Lorsque l’État intervient en matière de langue, il influe sur les phénomènes de puissance et d’attraction des langues les unes par rapport aux autres dans le but de hâter, de freiner ou de changer le cours naturel d’une langue ou bien encore de tenter de réduire, sinon d’éliminer, ou au contraire d’accentuer la concurrence entre les langues.

Cette intervention, associée à une « politique linguistique », est désignée en français par les expressions « aménagement linguistique », « planification linguistique » ou « dirigisme linguistique »; on parlera en anglais de Language Planning ou de Language Policy et parfois de Language Spread. De façon générale, elle a pour objectif de résoudre les conflits résultant de la cohabitation des langues en référence aux textes constitutionnels, législatifs et règlementaires ou par de simples pratiques administratives.

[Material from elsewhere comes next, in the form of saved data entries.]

lemma symmetric_pair_eigenvector:
  assumes "i \<noteq> j"
  shows "\<exists>c. c\<^sup>2 = 1 \<and>
    R *v (axis (i, j) 1 + axis (j, i) 1) = c *\<^sub>R (axis (i, j) 1 + axis (j, i) 1)"
proof -
  define s where "s = axis (i, j) 1 + axis (j, i) (1::real)"
  obtain a where a: "R *v axis (i, i) 1 = a *\<^sub>R axis (i, i) 1"
    using diagonal_axis_eigenvector by blast
  obtain b where b: "R *v axis (j, j) 1 = b *\<^sub>R axis (j, j) 1"
    using diagonal_axis_eigenvector by blast
  have "(axis i 1 + axis j 1) $ i = (1::real)"
    using assms by (simp add: axis_def)
  then have "axis i 1 + axis j 1 \<noteq> (0::real^'n)"
    by (metis zero_index zero_neq_one)
  then obtain c where c: "c\<^sup>2 = 1" and "R *v tensor (axis i 1 + axis j 1) (axis i 1 + axis j 1)
      = c *\<^sub>R tensor (axis i 1 + axis j 1) (axis i 1 + axis j 1)"
    using tensor_square_eigenvector by blast
  then have eq: "a *\<^sub>R axis (i, i) 1 + b *\<^sub>R axis (j, j) 1 + R *v s
      = c *\<^sub>R (axis (i, i) 1 + axis (j, j) 1 + s)"
    using a b by (simp add: s_def tensor_add_left tensor_add_right tensor_axis algebra_simps)
  have "(R *v s) $ (i, i) = 0" and "(R *v s) $ (j, j) = 0"
    using assms swap_pair_column by (simp_all add: s_def matrix_vector_right_distrib)
  moreover have "s $ (i, i) = 0" and "s $ (j, j) = 0"
    using assms by (simp_all add: s_def axis_def)
  ultimately have "a = c" and "b = c"
    using assms arg_cong[OF eq, of "\<lambda>x. x $ (i, i)"] arg_cong[OF eq, of "\<lambda>x. x $ (j, j)"]
    by (simp_all add: axis_def)
  with eq have "R *v s = c *\<^sub>R s"
    by (simp add: algebra_simps)
  then show ?thesis
    using c s_def by blast
qed

lemma antisymmetric_pair_eigenvector:
  assumes "i \<noteq> j"
  shows "\<exists>\<mu>. \<mu>\<^sup>2 = 1 \<and>
    R *v (axis (i, j) 1 - axis (j, i) 1) = \<mu> *\<^sub>R (axis (i, j) 1 - axis (j, i) 1)"
proof -
  define s where "s = axis (i, j) 1 + axis (j, i) (1::real)"
  define d where "d = axis (i, j) 1 - axis (j, i) (1::real)"
  obtain c where c: "c\<^sup>2 = 1" and Rs: "R *v s = c *\<^sub>R s"
    using symmetric_pair_eigenvector[OF assms] s_def by blast
  \<comment> \<open>d is not of the form v \<otimes> v; it is reached through its orthogonality to s\<close>
  have "c * ((R *v d) \<bullet> s) = (R *v d) \<bullet> (R *v s)"
    using Rs by simp
  also have "\<dots> = d \<bullet> s"
    by (rule orthogonal_matrix_inner[OF orthogonal])
  also have "\<dots> = 0"
    using assms by (simp add: d_def s_def inner_diff_left inner_add_right inner_axis_axis)
  finally have "(R *v d) \<bullet> s = 0"
    using c by auto
  then have antisym: "(R *v d) $ (j, i) = - (R *v d) $ (i, j)"
    by (simp add: s_def inner_add_right inner_axis)
  have outside: "(R *v d) $ k = 0" if "k \<noteq> (i, j)" and "k \<noteq> (j, i)" for k
    using assms that swap_pair_column by (simp add: d_def matrix_vector_mult_diff_distrib)
  have "R *v d = (R *v d) $ (i, j) *\<^sub>R d"
    unfolding vec_eq_iff
  proof
    fix k
    show "(R *v d) $ k = ((R *v d) $ (i, j) *\<^sub>R d) $ k"
      using assms antisym outside[of k] by (auto simp: d_def axis_def)
  qed
  moreover have "d $ (i, j) = 1"
    using assms by (simp add: d_def axis_def)
  then have "d \<noteq> 0"
    by (metis zero_index zero_neq_one)
  ultimately show ?thesis
    using orthogonal_matrix_eigenvalue_square[OF orthogonal] d_def by blast
qed

lemma square_fixes_axis: "R *v (R *v axis k 1) = axis k 1"
proof (cases k)
  case (Pair i j)
  show ?thesis
  proof (cases "i = j")
    case True
    then show ?thesis
      using Pair diagonal_axis_eigenvector square_fixes_eigenvector by metis
  next
    case False
    let ?s = "axis (i, j) 1 + axis (j, i) (1::real)"
    let ?d = "axis (i, j) 1 - axis (j, i) (1::real)"
    have "R *v (R *v ?s) = ?s" and "R *v (R *v ?d) = ?d"
      using symmetric_pair_eigenvector[OF False] antisymmetric_pair_eigenvector[OF False]
        square_fixes_eigenvector by metis+
    then have "R *v (R *v ?s) + R *v (R *v ?d) = ?s + ?d"
      by simp
    then have "2 *\<^sub>R (R *v (R *v axis (i, j) 1)) = 2 *\<^sub>R axis (i, j) 1"
      by (simp add: matrix_vector_right_distrib matrix_vector_mult_diff_distrib scaleR_2)
    then show ?thesis
      using Pair by simp
  qed
qed

lemma square_eq_mat_1: "R ** R = mat 1"
proof -
  have "(R ** R) $ a $ b = (R *v (R *v axis b 1)) $ a" for a b
    by (simp add: matrix_vector_mul_assoc matrix_vector_mult_axis_component)
  also have "\<dots> a b = mat 1 $ a $ b" for a b
    by (simp only: square_fixes_axis) (simp add: mat_def axis_def)
  finally have "(R ** R) $ a $ b = mat 1 $ a $ b" for a b .
  then show ?thesis
    by (simp add: vec_eq_iff)
qed

end

theorem mainTheorem7:
  fixes S :: "real \<Rightarrow> real^('n::finite \<times> 'n)^('n \<times> 'n)"
  assumes "orth_one_param_group S"
    and "\<And>t (\<rho>::real^'n^'n). real_density_matrix \<rho> \<Longrightarrow>
            S t ** kron \<rho> \<rho> ** transpose (S t) = kron \<rho> \<rho>"
  shows "\<forall>t. \<forall>X :: real^('n \<times> 'n)^('n \<times> 'n). S t ** X ** transpose (S t) = X"
proof (intro allI)
  fix t and X :: "real^('n \<times> 'n)^('n \<times> 'n)"
  have "orthogonal_matrix (S (t/2))" and half: "S t = S (t/2) ** S (t/2)"
    using assms(1) unfolding orth_one_param_group_def by (metis field_sum_of_halves)+
  then interpret product_state_symmetry "S (t/2)"
    using assms(2) by unfold_locales
  have "S t = mat 1"
    using half square_eq_mat_1 by simp
  then show "S t ** X ** transpose (S t) = X"
    by simp
qed

end
(* Let $y_1, \ldots, y_n \in \mathfrak m$ be a minimal system of generators of $\mathfrak m$ (so $R = k[[y_1,\ldots,y_n]]$). Then, after possibly reordering $y_1, \ldots, y_n$, there exist elements $x_1, \ldots, x_n \in R$ and $z_1, \ldots, z_n \in R$ such that for all $i = 1, \ldots, n$: (1) $v(x_i) = a_i$; (2) $z_i \in k[x_1, \ldots, x_{i-1}]$ (a polynomial in $x_1,\ldots,x_{i-1}$), with $z_1 = 0$; (3) $y_i = x_i + z_i$.
   Context: Let $k$ be a field and let $(R,\mathfrak m)$ be a complete local noetherian domain of dimension $1$ containing $k$ with $R/\mathfrak m = k$, with normalization $\overline R$ having residue field $k$, so $\overline R = k[[t]]$ and $R \subseteq k[[t]]$ is finite birational. Let $v$ be the $t$-adic valuation. For $A \subseteq k((t))$ let $v(A) = \{v(f): f\in A\setminus\{0\}\}$. The Herzog–Kunz sequence of $R$ is $v(\mathfrak m)\setminus v(\mathfrak m^2)$ listed increasingly as $a_1 < \cdots < a_n$ (with $n = \mathrm{edim}(R)$). For $y_i\in\mathfrak m$, $k[[y_1,\ldots,y_n]]$ is the image of $k[[Y_1,\ldots,Y_n]]\to k[[t]]$, $Y_i\mapsto y_i$. *)

theory Defs
  imports "HOL-Computational_Algebra.Formal_Power_Series"
begin

text \<open>Setting: k is the field type 'a, k[[t]] is 'a fps, v is subdegree.
  R is a k-subalgebra of k[[t]] such that k[[t]] is finite and birational over R,
  which (for such rings) amounts to: R contains t^c k[[t]] for some c.\<close>

definition val :: "'a::zero fps set \<Rightarrow> nat set" where
  "val A = subdegree ` (A - {0})"
definition is_subgraph :: "'a set \<Rightarrow> 'a set set \<Rightarrow> 'a set \<Rightarrow> 'a set set \<Rightarrow> bool" where
  "is_subgraph W F V E \<longleftrightarrow> W \<subseteq> V \<and> F \<subseteq> E \<and> (\<forall>e\<in>F. e \<subseteq> W)"

definition adj_rel :: "'a set set \<Rightarrow> ('a \<times> 'a) set" where
  "adj_rel F = {(x, y). {x, y} \<in> F}"

definition connected_graph :: "'a set \<Rightarrow> 'a set set \<Rightarrow> bool" where
  "connected_graph W F \<longleftrightarrow> W \<noteq> {} \<and> (\<forall>x\<in>W. \<forall>y\<in>W. (x, y) \<in> (adj_rel F)\<^sup>*)"

text \<open>Connected, and remains connected after deleting any single vertex
  (deleting the only vertex of a one-vertex graph is not counted as disconnecting).\<close>
definition biconn :: "'a set \<Rightarrow> 'a set set \<Rightarrow> bool" where
  "biconn W F \<longleftrightarrow> connected_graph W F \<and>
     (\<forall>v\<in>W. W - {v} \<noteq> {} \<longrightarrow> connected_graph (W - {v}) {e\<in>F. v \<notin> e})"

definition is_block :: "'a set \<Rightarrow> 'a set set \<Rightarrow> 'a set \<Rightarrow> 'a set set \<Rightarrow> bool" where
  "is_block V E W F \<longleftrightarrow> is_subgraph W F V E \<and> biconn W F \<and>
     (\<forall>W' F'. is_subgraph W' F' V E \<and> biconn W' F' \<and> W \<subseteq> W' \<and> F \<subseteq> F'
        \<longrightarrow> W' = W \<and> F' = F)"

definition complete_graph :: "'a set \<Rightarrow> 'a set set \<Rightarrow> bool" where
  "complete_graph W F \<longleftrightarrow> (\<forall>x\<in>W. \<forall>y\<in>W. x \<noteq> y \<longrightarrow> {x, y} \<in> F)"

definition block_graph :: "'a set \<Rightarrow> 'a set set \<Rightarrow> bool" where
  "block_graph V E \<longleftrightarrow> simple_graph V E \<and>
     (\<forall>W F. is_block V E W F \<longrightarrow> complete_graph W F)"

definition is_clique :: "'a set set \<Rightarrow> 'a set \<Rightarrow> bool" where
  "is_clique E K \<longleftrightarrow> (\<forall>x\<in>K. \<forall>y\<in>K. x \<noteq> y \<longrightarrow> {x, y} \<in> E)"

definition CF :: "nat \<Rightarrow> 'a set \<Rightarrow> 'a set set \<Rightarrow> 'a set set" where
  "CF t V E = {A. A \<subseteq> V \<and> \<not> (\<exists>K\<subseteq>A. card K = t \<and> is_clique E K)}"

definition link :: "'a set set \<Rightarrow> 'a set \<Rightarrow> 'a set set" where
  "link \<Delta> F = {F'. F' \<inter> F = {} \<and> F' \<union> F \<in> \<Delta>}"

definition del :: "'a set set \<Rightarrow> 'a set \<Rightarrow> 'a set set" where
  "del \<Delta> F = {H\<in>\<Delta>. H \<inter> F = {}}"

text \<open>Shedding face. The requirement w \<in> V is automatic since
  (\<tau> \<union> {w}) - {v} is then a face containing w (as w \<notin> \<tau>, v \<in> \<tau>).\<close>
definition shedding_face :: "'a set set \<Rightarrow> 'a set \<Rightarrow> bool" where
  "shedding_face \<Delta> \<sigma> \<longleftrightarrow> \<sigma> \<in> \<Delta> \<and>
     (\<forall>\<tau>\<in>\<Delta>. \<sigma> \<subseteq> \<tau> \<longrightarrow> (\<forall>v\<in>\<sigma>. \<exists>w. w \<notin> \<tau> \<and> (insert w \<tau>) - {v} \<in> \<Delta>))"
(* $z_2(5,3)=9$.
   Context: Double Zarankiewicz number: consider configurations $G=([m],[n],E_1\cup E_2)$ where $[m]=\{1,\dots,m\}$, $E_1\subseteq[m]\times[n]$ is a set of 1-edges (cells) and $E_2$ is a set of 2-edges $(i,j;k,l)$ with $i,k\in[m]$, $j,l\in[n]$, $i\ne k$, $j\ne l$; the cells $(i,j)$ and $(k,l)$ are the two halves of this 2-edge. Simplicity condition: the halves of all 2-edges are pairwise distinct cells and none of them belongs to $E_1$. A cell is occupied if it lies in $E_1$ or is a half of some 2-edge. $G$ contains a generalized $C_4$-cycle if (1) there are four 1-edges $(i,j),(i,l),(k,j),(k,l)\in E_1$ with $i\ne k$, $j\ne l$; or (2) there is a 2-edge $(i,j;k,l)\in E_2$ whose two opposite cells $(i,l)$ and $(k,j)$ are both occupied; or (3) there are a 2-edge $(i,j;p,q)\in E_2$ and a cell $(k,l)$ such that the five cells $(k,l),(k,j),(k,q),(i,l),(p,l)$ are pairwise distinct and all occupied. $z_2(m,n)$ is the maximum of $|E_1|+|E_2|$ over all such $G$ satisfying the simplicity condition and containing no generalized $C_4$-cycle. *)

theory Defs
  imports Main
begin

type_synonym cell = "nat \<times> nat"
type_synonym edge2 = "cell \<times> cell"   (* ((i,j),(k,l)) is the 2-edge (i,j;k,l) *)

definition valid_cell :: "nat \<Rightarrow> nat \<Rightarrow> cell \<Rightarrow> bool" where
  "valid_cell m n c \<longleftrightarrow> fst c \<in> {1..m} \<and> snd c \<in> {1..n}"

definition valid_edge2 :: "nat \<Rightarrow> nat \<Rightarrow> edge2 \<Rightarrow> bool" where
  "valid_edge2 m n e \<longleftrightarrow> (case e of ((i,j),(k,l)) \<Rightarrow>
     valid_cell m n (i,j) \<and> valid_cell m n (k,l) \<and> i \<noteq> k \<and> j \<noteq> l)"

definition halves :: "edge2 \<Rightarrow> cell set" where
  "halves e = {fst e, snd e}"

definition simple_config :: "cell set \<Rightarrow> edge2 set \<Rightarrow> bool" where
  "simple_config E1 E2 \<longleftrightarrow>
     (\<forall>e\<in>E2. \<forall>e'\<in>E2. e \<noteq> e' \<longrightarrow> halves e \<inter> halves e' = {}) \<and>
     (\<forall>e\<in>E2. halves e \<inter> E1 = {})"

definition occupied :: "cell set \<Rightarrow> edge2 set \<Rightarrow> cell \<Rightarrow> bool" where
  "occupied E1 E2 c \<longleftrightarrow> c \<in> E1 \<or> (\<exists>e\<in>E2. c \<in> halves e)"

definition has_gen_C4 :: "cell set \<Rightarrow> edge2 set \<Rightarrow> bool" where
  "has_gen_C4 E1 E2 \<longleftrightarrow>
     (\<exists>i j k l. i \<noteq> k \<and> j \<noteq> l \<and> (i,j) \<in> E1 \<and> (i,l) \<in> E1 \<and> (k,j) \<in> E1 \<and> (k,l) \<in> E1) \<or>
     (\<exists>i j k l. ((i,j),(k,l)) \<in> E2 \<and> occupied E1 E2 (i,l) \<and> occupied E1 E2 (k,j)) \<or>
     (\<exists>i j p q k l. ((i,j),(p,q)) \<in> E2 \<and>
        distinct [(k,l),(k,j),(k,q),(i,l),(p,l)] \<and>
        (\<forall>c\<in>{(k,l),(k,j),(k,q),(i,l),(p,l)}. occupied E1 E2 c))"

definition z2_config :: "nat \<Rightarrow> nat \<Rightarrow> cell set \<Rightarrow> edge2 set \<Rightarrow> bool" where
  "z2_config m n E1 E2 \<longleftrightarrow>
     (\<forall>c\<in>E1. valid_cell m n c) \<and> (\<forall>e\<in>E2. valid_edge2 m n e) \<and>
     simple_config E1 E2 \<and> \<not> has_gen_C4 E1 E2"

definition z2 :: "nat \<Rightarrow> nat \<Rightarrow> nat" where
  "z2 m n = Max {card E1 + card E2 | E1 E2. z2_config m n E1 E2}"

end

(* Counting cells of the 5 x 3 grid gives |E1| + 2|E2| + u = 15, where u is the number of
   unoccupied cells, and rectangle-freeness of E1 gives |E1| <= 8 (no pair of columns is shared
   by two rows).  A configuration with |E1| + |E2| >= 10 therefore has |E2| >= 3 and u <= 2, or
   |E2| = 2, |E1| = 8 and u = 3.  Conditions (2) and (3) force every 2-edge to leave two
   unoccupied cells in its own two rows; this pins all 2-edges to one row in the first case and
   crowds E1 out of the rows of the two 2-edges in the second.  An explicit configuration with
   eight 1-edges and one 2-edge attains 9. *)
theory Submission
  imports Defs
begin

definition rectangle_free :: "('a \<times> 'b) set \<Rightarrow> bool" where
  "rectangle_free E \<longleftrightarrow>
     \<not> (\<exists>i j k l. i \<noteq> k \<and> j \<noteq> l \<and> (i,j) \<in> E \<and> (i,l) \<in> E \<and> (k,j) \<in> E \<and> (k,l) \<in> E)"

lemma sum_row_pairs_le_if_rectangle_free:
  assumes "finite R" "finite C" "E \<subseteq> R \<times> C" "rectangle_free E"
  shows "(\<Sum>k\<in>R. card (E `` {k}) choose 2) \<le> card C choose 2"
proof -
  define P where "P = (SIGMA k:R. {S. S \<subseteq> E `` {k} \<and> card S = 2})"
  have row_finite: "finite (E `` {k})" for k
    using assms(2,3) by (auto intro: finite_subset[of _ C])
  have "card P = (\<Sum>k\<in>R. card (E `` {k}) choose 2)"
    unfolding P_def using assms(1) row_finite by (simp add: n_subsets)
  moreover have "inj_on snd P"
  proof (rule inj_onI)
    fix x y assume "x \<in> P" "y \<in> P" "snd x = snd y"
    then obtain k k' j l where "x = (k, {j,l})" "y = (k', {j,l})" "j \<noteq> l"
      "{j,l} \<subseteq> E `` {k}" "{j,l} \<subseteq> E `` {k'}"
      unfolding P_def by (auto simp: card_2_iff)
    with assms(4) show "x = y" unfolding rectangle_free_def by blast
  qed
  moreover have "snd ` P \<subseteq> {S. S \<subseteq> C \<and> card S = 2}"
    using assms(3) unfolding P_def by auto
  ultimately have "card P \<le> card {S. S \<subseteq> C \<and> card S = 2}"
    by (metis assms(2) card_image card_mono finite_Collect_subsets finite_Collect_conjI)
  then show ?thesis using \<open>card P = _\<close> assms(2) by (simp add: n_subsets)
qed

lemma rectangle_free_subset: "rectangle_free E \<Longrightarrow> F \<subseteq> E \<Longrightarrow> rectangle_free F"
  unfolding rectangle_free_def by blast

Depuis quelques décennies, l’interventionnisme de l’État est de plus en plus fréquent, surtout dans les pays occidentaux, en Europe et en Amérique du Nord, mais également en Asie et dans certains micro-États du Pacifique. Dans les faits, les interventions politiques en matière de langue s’inspirent rarement de motifs purement linguistiques; elles se rapportent le plus souvent à des projets de société formulés en fonction de visées d’ordre culturel, économique et politique.

Peu nombreuses sont les réussites et les spécialistes, et ceux que nous avons réunis ne font pas exception, dénoncent volontiers des échecs ou demi-échecs. Ils nous montrent en effet que l’efficacité des lois linguistiques répond à plusieurs conditions : l’agir politique, l’importance numérique ou la masse critique des groupes linguistiques en présence, le consensus social, les ressources disponibles, humaines (linguistes, démographes, pédagogues, sociologues, statisticiens, etc.), financières et linguistiques (alphabet, grammaires, dictionnaires et manuels scolaires), le tout accompagné d’une certaine coercition et d’une pénalisation des infractions.